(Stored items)

+--

(* Let $A$ be a finite alphabet and $n\ge1$. The $n$-ball subshift $\mathbb F^{[n]}\curvearrowright\mathcal C^{[n]}$ of the full convex shift $\mathbb F(A)\curvearrowright\mathcal C(A)$ is $1$-step (as a convex subshift over the alphabet $A^{[n]}$).
   Context: Convex subshifts. Let $A$ be a finite alphabet, $\mathbb F=\mathbb F(A)$. $\mathcal C=\mathcal C(A)$ is the set of subsets $\xi\subseteq\mathbb F$ with $1\in\xi$ that are right-convex: whenever a reduced word $a_m^{\varepsilon_m}\cdots a_1^{\varepsilon_1}$ ($a_i\in A$, $\varepsilon_i=\pm1$) lies in $\xi$, so does $a_k^{\varepsilon_k}\cdots a_1^{\varepsilon_1}$ for all $k<m$; topology from $\{0,1\}^{\mathbb F}$. Full convex shift: partial action of $\mathbb F$ on $\mathcal C$ with domains $\mathcal C_\alpha=\{\xi:\alpha^{-1}\in\xi\}$, $\alpha.\xi=\xi\alpha^{-1}$ for $\alpha\in\xi$. A convex subshift is the restriction to a closed invariant $\Omega\subseteq\mathcal C$. An $n$-ball is $B\in\mathcal C$ with all $|\alpha|\le n$, together with radius $n$; $\xi^n=\{\alpha\in\xi:|\alpha|\le n\}$; $\mathcal B_n(\Omega)=\{\xi^n:\xi\in\Omega\}$. For an $n$-ball $B$, $\xi\not\equiv B$ means $(\alpha.\xi)^n\ne B$ for all $\alpha\in\xi$; $\Omega^{\mathcal F}=\{\xi\in\mathcal C:\xi\not\equiv B\ \forall B\in\mathcal F\}$. $\Omega$ is $R$-step if $\Omega=\Omega^{\mathcal F}$ for a finite set $\mathcal F$ of $R$-balls (equivalently, $\xi\in\mathcal C$ lies in $\Omega$ iff $(\alpha.\xi)^R\in\mathcal B_R(\Omega)$ for all $\alpha\in\xi$). $n$-ball subshift: for a convex subshift $\Omega$, let $A^{[n:\Omega]}$ be the finite set of formal symbols $[(a.\xi)^n\xleftarrow{a}\xi^n]$ with $\xi\in\Omega$, $a\in A$, $a\in\xi$ (a symbol $[B\xleftarrow{a}B']$ is determined by the triple $(B,a,B')$), and set $[B'\xleftarrow{a^{-1}}B]:=[B\xleftarrow{a}B']^{-1}$ in the free group $\mathbb F^{[n:\Omega]}=\mathbb F(A^{[n:\Omega]})$. For $\xi\in\Omega$ and $\alpha=s_m\cdots s_1\in\xi$ reduced ($s_i\in A\cup A^{-1}$), put $B_k=((s_k\cdots s_1).\xi)^n$ and $\phi_n(\xi,\alpha)=[B_m\xleftarrow{s_m}B_{m-1}]\cdots[B_1\xleftarrow{s_1}B_0]$, $\phi_n(\xi,1)=1$, $\phi_n(\xi)=\{\phi_n(\xi,\alpha):\alpha\in\xi\}\in\mathcal C(A^{[n:\Omega]})$. The $n$-ball subshift $\theta^{[n]}$ is the restriction of the full convex shift on $A^{[n:\Omega]}$ to $\Omega^{[n]}:=\phi_n(\Omega)$ (a convex subshift). For $\Omega=\mathcal C$ write $A^{[n]}$, $\mathbb F^{[n]}$, $\mathcal C^{[n]}$. *)

theory Defs
  imports Main
begin

text \<open>A generator occurrence is a pair
(a, e) with e = True for a and e = False for a^-1.  A group element is a reduced word,
stored as a list in WRITTEN order: the word a_m^{e_m} ... a_1^{e_1} is the list
[(a_m,e_m), ..., (a_1,e_1)].\<close>

type_synonym 'a gen = "'a \<times> bool"

definition ginv :: "'a gen \<Rightarrow> 'a gen" where
  "ginv s = (fst s, \<not> snd s)"

definition reduced :: "'a gen list \<Rightarrow> bool" where
  "reduced w \<longleftrightarrow> (\<forall>i. Suc i < length w \<longrightarrow> w ! Suc i \<noteq> ginv (w ! i))"

definition words :: "'a set \<Rightarrow> 'a gen list set" where
  "words A = {w. reduced w \<and> fst ` set w \<subseteq> A}"

fun reduce :: "'a gen list \<Rightarrow> 'a gen list" where
  "reduce [] = []"
| "reduce (s # w) = (case reduce w of [] \<Rightarrow> [s]
      | t # r \<Rightarrow> (if t = ginv s then r else s # t # r))"

definition gmult :: "'a gen list \<Rightarrow> 'a gen list \<Rightarrow> 'a gen list" where
  "gmult x y = reduce (x @ y)"

definition ginverse :: "'a gen list \<Rightarrow> 'a gen list" where
  "ginverse w = rev (map ginv w)"

text \<open>Right-convex subsets: with written order, a_k^{e_k}...a_1^{e_1} is a drop of the list.\<close>
definition Cset :: "'a set \<Rightarrow> 'a gen list set set" where
  "Cset A = {\<xi>. \<xi> \<subseteq> words A \<and> [] \<in> \<xi> \<and> (\<forall>w\<in>\<xi>. \<forall>k. drop k w \<in> \<xi>)}"

text \<open>Partial action: alpha.xi = xi alpha^-1 (used for alpha \<in> xi).\<close>
definition act :: "'a gen list \<Rightarrow> 'a gen list set \<Rightarrow> 'a gen list set" where
  "act \<alpha> \<xi> = (\<lambda>\<beta>. gmult \<beta> (ginverse \<alpha>)) ` \<xi>"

+--

__Assignment__. All lines of the entries above where "ginverse" turns up should be reported.

__Output below__.
definition ginverse :: "'a gen list \<Rightarrow> 'a gen list" where
  "ginverse w = rev (map ginv w)"
  "act \<alpha> \<xi> = (\<lambda>\<beta>. gmult \<beta> (ginverse \<alpha>)) ` \<xi>"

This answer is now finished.